Extracted material
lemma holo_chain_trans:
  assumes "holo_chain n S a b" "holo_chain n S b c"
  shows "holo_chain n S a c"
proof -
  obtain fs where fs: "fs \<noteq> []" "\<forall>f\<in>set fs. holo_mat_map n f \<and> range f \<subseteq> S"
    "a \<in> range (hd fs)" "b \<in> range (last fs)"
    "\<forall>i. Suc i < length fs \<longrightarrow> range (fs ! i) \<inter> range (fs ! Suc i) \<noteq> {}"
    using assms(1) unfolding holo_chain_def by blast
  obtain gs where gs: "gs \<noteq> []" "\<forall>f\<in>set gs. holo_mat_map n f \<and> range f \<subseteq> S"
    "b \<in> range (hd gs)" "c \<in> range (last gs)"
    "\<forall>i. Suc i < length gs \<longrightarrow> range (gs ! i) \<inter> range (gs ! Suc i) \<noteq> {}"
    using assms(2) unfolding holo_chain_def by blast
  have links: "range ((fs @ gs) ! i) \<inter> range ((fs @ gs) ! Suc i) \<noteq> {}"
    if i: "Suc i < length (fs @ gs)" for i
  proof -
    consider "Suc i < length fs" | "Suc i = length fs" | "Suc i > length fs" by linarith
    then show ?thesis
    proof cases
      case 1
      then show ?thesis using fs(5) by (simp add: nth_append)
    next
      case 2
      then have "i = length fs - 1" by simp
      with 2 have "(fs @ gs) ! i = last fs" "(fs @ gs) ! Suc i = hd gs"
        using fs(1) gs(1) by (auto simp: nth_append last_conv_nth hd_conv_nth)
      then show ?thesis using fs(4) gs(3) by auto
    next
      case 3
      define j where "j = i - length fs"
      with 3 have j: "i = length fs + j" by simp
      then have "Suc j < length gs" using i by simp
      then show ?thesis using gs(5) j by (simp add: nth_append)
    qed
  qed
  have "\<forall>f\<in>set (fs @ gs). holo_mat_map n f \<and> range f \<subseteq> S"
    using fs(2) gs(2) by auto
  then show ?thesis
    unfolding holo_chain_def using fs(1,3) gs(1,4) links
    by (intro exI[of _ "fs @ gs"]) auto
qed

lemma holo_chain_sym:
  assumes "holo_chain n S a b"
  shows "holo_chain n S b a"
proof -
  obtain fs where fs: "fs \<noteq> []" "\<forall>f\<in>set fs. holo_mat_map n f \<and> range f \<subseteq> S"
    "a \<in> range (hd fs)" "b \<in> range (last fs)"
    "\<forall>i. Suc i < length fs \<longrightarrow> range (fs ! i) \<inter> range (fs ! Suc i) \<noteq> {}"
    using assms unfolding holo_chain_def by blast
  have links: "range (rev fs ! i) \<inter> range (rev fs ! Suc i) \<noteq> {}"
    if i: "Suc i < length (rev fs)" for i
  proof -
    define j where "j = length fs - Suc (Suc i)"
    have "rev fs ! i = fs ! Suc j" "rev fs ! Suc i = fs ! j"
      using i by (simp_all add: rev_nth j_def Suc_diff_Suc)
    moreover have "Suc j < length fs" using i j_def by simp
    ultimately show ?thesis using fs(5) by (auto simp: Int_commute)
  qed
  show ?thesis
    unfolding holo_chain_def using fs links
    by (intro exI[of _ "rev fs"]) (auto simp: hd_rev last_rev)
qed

==

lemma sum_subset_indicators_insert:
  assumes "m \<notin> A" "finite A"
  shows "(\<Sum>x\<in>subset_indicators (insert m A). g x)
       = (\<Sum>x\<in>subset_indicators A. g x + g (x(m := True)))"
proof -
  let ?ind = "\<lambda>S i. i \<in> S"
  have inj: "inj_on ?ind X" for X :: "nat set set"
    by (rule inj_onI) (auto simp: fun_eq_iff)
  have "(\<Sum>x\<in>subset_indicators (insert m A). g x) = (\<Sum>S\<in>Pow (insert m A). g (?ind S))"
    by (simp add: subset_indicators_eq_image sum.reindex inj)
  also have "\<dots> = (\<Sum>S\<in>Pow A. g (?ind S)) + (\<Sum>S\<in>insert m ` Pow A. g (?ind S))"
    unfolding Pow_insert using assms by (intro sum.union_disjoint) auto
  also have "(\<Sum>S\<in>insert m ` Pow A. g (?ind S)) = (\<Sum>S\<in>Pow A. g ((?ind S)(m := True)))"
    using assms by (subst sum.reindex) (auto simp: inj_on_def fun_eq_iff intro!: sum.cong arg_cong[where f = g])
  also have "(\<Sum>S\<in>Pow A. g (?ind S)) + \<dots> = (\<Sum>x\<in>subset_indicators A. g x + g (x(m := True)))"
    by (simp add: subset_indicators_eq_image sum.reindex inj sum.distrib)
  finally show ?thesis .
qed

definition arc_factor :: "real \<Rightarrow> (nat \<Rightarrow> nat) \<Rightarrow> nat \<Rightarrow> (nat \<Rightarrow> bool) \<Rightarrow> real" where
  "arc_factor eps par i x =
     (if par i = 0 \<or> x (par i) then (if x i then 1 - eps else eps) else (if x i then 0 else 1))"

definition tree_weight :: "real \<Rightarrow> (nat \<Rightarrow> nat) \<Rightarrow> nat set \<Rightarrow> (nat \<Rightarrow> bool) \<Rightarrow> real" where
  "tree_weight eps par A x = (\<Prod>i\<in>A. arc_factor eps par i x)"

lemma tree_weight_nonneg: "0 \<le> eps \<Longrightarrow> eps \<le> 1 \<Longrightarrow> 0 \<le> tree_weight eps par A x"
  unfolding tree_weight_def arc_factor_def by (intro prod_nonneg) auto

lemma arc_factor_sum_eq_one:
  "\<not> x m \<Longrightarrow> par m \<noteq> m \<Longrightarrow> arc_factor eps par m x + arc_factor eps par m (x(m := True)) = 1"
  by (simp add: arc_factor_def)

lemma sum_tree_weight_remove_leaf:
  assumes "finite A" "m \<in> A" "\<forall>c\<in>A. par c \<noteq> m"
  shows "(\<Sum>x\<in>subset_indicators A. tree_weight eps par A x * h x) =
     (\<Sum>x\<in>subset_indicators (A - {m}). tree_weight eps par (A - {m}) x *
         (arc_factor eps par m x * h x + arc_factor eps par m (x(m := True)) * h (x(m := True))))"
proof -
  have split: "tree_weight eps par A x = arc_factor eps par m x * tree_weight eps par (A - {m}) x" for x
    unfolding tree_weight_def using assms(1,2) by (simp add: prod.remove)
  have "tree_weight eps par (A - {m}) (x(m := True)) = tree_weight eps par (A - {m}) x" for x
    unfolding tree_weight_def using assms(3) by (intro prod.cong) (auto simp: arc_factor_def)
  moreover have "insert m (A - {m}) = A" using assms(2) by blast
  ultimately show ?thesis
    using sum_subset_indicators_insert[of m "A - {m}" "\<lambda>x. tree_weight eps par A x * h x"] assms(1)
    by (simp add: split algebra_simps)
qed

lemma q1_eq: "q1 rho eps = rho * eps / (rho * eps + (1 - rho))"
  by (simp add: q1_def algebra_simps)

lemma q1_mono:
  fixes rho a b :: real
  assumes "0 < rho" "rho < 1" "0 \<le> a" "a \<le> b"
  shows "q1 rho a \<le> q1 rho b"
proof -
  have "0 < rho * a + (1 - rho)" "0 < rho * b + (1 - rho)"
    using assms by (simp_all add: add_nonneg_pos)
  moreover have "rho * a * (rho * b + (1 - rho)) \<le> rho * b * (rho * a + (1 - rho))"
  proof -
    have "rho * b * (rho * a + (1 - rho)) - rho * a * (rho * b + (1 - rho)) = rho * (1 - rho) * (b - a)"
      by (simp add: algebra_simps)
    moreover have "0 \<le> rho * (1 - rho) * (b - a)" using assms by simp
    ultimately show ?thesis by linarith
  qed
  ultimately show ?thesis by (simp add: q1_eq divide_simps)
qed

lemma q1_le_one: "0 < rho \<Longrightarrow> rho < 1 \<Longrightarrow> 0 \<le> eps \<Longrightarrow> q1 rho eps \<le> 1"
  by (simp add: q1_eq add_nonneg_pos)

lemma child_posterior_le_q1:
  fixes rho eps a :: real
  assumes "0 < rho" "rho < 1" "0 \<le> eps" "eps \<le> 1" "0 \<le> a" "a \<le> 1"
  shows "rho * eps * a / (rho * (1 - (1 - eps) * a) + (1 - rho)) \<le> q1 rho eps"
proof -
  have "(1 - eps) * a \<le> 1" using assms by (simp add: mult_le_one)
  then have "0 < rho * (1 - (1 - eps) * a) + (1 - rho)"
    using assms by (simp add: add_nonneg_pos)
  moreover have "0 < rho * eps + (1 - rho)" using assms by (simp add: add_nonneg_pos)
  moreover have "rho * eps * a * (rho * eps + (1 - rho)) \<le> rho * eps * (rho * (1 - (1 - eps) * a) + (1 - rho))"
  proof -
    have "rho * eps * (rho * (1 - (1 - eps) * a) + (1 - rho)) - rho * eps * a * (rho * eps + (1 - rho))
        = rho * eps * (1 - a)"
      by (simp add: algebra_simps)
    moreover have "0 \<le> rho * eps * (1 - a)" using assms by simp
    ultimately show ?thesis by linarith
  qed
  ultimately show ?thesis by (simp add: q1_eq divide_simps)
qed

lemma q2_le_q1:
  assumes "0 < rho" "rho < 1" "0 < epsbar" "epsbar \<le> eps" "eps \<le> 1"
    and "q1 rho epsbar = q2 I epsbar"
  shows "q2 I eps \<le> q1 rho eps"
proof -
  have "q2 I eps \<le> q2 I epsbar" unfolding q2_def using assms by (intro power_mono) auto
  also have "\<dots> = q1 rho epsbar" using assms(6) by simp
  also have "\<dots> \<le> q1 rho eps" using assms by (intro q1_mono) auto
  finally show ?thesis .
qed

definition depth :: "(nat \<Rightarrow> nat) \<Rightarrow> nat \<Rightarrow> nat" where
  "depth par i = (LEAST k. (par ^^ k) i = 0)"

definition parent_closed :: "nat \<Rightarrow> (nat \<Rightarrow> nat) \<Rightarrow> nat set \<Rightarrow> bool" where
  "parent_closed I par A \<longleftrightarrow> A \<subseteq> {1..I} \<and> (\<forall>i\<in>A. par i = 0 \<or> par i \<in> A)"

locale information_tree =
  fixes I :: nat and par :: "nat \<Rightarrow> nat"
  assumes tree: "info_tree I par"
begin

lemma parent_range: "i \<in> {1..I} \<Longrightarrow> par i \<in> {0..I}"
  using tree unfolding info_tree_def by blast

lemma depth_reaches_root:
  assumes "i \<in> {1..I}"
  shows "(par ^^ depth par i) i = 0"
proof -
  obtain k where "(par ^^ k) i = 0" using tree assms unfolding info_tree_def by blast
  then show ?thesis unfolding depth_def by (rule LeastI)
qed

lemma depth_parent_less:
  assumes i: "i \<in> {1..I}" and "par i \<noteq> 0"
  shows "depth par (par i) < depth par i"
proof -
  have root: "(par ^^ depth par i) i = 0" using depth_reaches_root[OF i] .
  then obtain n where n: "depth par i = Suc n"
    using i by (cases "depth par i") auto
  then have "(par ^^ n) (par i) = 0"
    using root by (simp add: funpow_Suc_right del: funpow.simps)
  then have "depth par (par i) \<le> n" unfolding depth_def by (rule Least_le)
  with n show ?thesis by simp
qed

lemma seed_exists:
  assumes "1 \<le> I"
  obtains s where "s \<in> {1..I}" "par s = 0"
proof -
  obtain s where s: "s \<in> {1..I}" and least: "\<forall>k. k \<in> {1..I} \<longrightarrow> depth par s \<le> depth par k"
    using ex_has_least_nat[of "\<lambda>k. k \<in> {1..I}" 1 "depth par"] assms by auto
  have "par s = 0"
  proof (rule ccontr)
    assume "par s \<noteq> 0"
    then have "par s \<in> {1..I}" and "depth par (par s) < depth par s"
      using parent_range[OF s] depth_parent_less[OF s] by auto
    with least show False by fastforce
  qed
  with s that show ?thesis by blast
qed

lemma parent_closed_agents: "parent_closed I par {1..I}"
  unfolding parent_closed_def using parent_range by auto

---

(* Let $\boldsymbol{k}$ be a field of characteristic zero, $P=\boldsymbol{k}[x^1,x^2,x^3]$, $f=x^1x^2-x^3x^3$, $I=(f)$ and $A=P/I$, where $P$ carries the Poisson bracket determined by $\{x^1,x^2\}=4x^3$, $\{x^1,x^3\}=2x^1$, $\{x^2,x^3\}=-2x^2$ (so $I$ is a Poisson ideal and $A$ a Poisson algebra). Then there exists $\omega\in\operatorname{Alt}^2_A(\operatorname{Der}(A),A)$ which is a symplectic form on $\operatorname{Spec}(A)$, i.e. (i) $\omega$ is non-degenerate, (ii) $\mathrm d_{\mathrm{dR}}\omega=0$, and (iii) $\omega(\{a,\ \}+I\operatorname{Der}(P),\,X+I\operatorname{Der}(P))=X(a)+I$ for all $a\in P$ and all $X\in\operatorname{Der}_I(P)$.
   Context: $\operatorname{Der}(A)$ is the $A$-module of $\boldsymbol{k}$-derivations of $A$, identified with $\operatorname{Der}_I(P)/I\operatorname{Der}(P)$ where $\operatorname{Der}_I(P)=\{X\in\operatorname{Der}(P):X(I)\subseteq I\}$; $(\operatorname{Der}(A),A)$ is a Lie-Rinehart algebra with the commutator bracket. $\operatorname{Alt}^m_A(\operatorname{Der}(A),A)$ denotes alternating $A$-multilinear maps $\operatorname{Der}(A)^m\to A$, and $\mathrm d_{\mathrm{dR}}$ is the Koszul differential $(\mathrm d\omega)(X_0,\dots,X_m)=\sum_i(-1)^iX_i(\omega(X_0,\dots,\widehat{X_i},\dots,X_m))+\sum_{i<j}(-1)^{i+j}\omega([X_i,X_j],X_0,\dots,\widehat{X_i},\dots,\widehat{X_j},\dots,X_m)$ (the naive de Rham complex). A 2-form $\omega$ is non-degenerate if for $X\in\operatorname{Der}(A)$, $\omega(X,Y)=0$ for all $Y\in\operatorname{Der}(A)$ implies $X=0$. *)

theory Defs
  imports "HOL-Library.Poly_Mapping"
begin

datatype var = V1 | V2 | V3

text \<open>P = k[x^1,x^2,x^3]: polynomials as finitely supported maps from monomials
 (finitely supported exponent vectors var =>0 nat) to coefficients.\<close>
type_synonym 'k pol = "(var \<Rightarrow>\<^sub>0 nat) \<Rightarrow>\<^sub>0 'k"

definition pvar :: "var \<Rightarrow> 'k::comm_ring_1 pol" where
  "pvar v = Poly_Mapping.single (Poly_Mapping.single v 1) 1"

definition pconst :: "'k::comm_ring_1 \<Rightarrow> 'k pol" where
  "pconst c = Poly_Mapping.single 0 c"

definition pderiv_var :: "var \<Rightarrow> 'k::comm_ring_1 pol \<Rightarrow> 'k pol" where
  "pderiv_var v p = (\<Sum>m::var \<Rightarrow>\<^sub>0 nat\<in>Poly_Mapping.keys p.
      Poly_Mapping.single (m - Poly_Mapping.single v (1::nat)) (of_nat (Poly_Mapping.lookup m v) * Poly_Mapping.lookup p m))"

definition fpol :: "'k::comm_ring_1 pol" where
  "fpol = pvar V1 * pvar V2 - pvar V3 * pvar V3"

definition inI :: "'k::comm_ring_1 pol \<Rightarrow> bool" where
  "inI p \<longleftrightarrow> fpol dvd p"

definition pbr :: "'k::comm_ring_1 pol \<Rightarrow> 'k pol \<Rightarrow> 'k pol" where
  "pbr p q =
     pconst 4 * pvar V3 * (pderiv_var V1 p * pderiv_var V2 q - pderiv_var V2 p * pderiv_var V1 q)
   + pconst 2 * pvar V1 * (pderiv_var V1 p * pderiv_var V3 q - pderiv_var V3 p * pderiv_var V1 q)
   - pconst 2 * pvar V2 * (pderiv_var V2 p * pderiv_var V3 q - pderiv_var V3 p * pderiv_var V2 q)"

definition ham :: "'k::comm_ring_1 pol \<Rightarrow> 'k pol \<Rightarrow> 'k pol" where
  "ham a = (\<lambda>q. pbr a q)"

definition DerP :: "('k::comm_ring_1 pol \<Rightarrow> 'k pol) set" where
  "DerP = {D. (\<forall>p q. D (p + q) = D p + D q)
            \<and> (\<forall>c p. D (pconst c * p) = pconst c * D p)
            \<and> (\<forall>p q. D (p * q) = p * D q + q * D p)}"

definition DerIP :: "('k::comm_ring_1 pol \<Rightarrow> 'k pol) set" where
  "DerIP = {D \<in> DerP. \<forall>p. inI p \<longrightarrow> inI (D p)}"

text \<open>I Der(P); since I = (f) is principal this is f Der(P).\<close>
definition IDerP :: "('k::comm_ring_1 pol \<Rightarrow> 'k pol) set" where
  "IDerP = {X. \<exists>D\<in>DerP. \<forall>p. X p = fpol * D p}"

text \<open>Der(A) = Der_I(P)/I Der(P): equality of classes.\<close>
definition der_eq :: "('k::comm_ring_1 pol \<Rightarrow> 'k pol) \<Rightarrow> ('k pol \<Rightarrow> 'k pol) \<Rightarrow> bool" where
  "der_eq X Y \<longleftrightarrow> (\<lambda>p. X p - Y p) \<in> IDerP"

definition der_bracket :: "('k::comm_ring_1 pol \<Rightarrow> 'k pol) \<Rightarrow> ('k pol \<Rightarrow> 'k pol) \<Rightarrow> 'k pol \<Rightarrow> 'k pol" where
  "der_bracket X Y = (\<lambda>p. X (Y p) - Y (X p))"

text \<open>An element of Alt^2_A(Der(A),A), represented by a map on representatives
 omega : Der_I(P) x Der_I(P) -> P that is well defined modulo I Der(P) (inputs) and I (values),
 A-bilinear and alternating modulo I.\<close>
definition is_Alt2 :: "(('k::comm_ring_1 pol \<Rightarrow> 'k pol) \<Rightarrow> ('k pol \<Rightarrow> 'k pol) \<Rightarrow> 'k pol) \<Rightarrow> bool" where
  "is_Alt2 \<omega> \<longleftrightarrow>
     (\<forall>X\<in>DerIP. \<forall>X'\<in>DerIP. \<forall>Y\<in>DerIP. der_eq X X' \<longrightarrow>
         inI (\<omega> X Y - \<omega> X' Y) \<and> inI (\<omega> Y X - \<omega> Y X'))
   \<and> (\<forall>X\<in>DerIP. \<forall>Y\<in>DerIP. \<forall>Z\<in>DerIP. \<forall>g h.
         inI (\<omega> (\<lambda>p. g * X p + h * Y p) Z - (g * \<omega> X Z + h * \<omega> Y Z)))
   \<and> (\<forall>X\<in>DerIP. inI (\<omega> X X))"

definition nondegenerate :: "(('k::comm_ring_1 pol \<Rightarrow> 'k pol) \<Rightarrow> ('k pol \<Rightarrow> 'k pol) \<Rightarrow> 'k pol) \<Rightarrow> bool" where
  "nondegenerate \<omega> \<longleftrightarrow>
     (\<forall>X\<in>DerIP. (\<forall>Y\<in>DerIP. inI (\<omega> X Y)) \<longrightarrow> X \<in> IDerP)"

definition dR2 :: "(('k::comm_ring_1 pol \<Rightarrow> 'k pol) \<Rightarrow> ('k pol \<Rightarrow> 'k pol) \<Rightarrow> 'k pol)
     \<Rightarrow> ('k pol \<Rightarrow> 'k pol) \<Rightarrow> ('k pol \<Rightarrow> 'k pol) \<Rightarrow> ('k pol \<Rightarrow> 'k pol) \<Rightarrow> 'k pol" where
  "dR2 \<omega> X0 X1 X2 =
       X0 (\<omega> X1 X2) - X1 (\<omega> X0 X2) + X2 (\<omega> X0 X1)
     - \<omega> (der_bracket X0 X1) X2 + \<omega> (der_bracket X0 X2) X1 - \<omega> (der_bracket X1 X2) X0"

Your assignment
Look in the material above for the line with "S)) + (\<Sum>S\<in>insert" and the line with "(if par i = 0", and transcribe exactly those lines and all lines between them, nothing more.

Output of the task
  also have "\<dots> = (\<Sum>S\<in>Pow A. g (?ind S)) + (\<Sum>S\<in>insert m ` Pow A. g (?ind S))"
    unfolding Pow_insert using assms by (intro sum.union_disjoint) auto
  also have "(\<Sum>S\<in>insert m ` Pow A. g (?ind S)) = (\<Sum>S\<in>Pow A. g ((?ind S)(m := True)))"
    using assms by (subst sum.reindex) (auto simp: inj_on_def fun_eq_iff intro!: sum.cong arg_cong[where f = g])
  also have "(\<Sum>S\<in>Pow A. g (?ind S)) + \<dots> = (\<Sum>x\<in>subset_indicators A. g x + g (x(m := True)))"
    by (simp add: subset_indicators_eq_image sum.reindex inj sum.distrib)
  finally show ?thesis .
qed

definition arc_factor :: "real \<Rightarrow> (nat \<Rightarrow> nat) \<Rightarrow> nat \<Rightarrow> (nat \<Rightarrow> bool) \<Rightarrow> real" where
  "arc_factor eps par i x =
     (if par i = 0 \<or> x (par i) then (if x i then 1 - eps else eps) else (if x i then 0 else 1))"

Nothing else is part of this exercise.